EXERCISE AIM - For the data below, report the number of lines that contain the string "linarith" and nothing else.

** Opening DATA PROVIDED block **

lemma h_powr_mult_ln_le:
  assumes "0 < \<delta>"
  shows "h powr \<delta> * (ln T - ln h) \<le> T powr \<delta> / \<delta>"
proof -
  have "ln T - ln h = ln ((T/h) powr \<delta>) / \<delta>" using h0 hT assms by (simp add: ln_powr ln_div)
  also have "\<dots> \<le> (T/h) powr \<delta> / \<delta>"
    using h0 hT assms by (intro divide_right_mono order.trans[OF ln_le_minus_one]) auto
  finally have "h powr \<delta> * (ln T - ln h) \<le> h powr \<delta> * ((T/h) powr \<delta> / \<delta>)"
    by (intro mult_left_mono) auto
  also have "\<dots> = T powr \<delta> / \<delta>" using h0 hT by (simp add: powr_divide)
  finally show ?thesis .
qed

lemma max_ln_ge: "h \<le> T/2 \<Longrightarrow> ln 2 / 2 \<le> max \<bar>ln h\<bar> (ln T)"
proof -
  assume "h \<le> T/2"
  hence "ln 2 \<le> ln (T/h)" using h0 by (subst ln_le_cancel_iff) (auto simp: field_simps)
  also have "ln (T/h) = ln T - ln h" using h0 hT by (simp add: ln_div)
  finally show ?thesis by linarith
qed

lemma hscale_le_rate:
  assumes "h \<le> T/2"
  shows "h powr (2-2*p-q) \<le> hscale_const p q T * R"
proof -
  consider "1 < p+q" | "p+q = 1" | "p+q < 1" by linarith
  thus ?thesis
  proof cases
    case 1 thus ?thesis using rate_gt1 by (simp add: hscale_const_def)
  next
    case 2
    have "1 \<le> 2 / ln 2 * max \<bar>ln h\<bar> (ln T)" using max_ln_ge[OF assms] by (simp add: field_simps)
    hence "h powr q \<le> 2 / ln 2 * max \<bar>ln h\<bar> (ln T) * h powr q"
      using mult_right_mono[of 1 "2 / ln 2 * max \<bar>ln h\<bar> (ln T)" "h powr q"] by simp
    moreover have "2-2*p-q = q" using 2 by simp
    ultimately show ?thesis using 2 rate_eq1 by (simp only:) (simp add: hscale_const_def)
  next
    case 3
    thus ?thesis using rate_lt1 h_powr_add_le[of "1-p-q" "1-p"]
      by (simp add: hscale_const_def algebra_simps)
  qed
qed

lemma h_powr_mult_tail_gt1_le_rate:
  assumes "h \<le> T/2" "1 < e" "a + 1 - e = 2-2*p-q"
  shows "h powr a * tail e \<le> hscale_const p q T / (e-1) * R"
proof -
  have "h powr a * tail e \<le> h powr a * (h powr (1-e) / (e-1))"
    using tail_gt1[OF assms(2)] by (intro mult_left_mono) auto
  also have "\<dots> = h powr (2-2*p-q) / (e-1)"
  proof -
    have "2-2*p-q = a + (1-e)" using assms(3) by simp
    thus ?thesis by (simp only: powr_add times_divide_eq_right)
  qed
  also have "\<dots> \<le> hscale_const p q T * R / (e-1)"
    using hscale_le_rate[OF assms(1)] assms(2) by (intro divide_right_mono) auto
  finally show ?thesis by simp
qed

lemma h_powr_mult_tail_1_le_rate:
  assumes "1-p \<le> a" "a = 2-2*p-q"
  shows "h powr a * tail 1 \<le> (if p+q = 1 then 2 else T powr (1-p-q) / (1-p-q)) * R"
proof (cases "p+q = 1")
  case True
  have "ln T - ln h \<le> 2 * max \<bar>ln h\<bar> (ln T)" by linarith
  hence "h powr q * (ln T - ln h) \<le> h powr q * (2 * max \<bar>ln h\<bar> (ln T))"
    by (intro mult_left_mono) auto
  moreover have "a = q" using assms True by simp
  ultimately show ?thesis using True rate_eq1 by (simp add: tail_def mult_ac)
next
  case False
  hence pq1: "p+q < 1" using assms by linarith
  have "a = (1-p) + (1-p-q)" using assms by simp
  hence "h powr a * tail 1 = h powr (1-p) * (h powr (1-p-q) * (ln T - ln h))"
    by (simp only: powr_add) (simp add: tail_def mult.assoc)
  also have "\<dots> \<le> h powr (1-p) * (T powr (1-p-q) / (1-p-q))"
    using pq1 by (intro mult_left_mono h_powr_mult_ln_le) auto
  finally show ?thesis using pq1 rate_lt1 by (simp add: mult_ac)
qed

** Closing DATA PROVIDED block **

REPLY TO THE EXERCISE - 4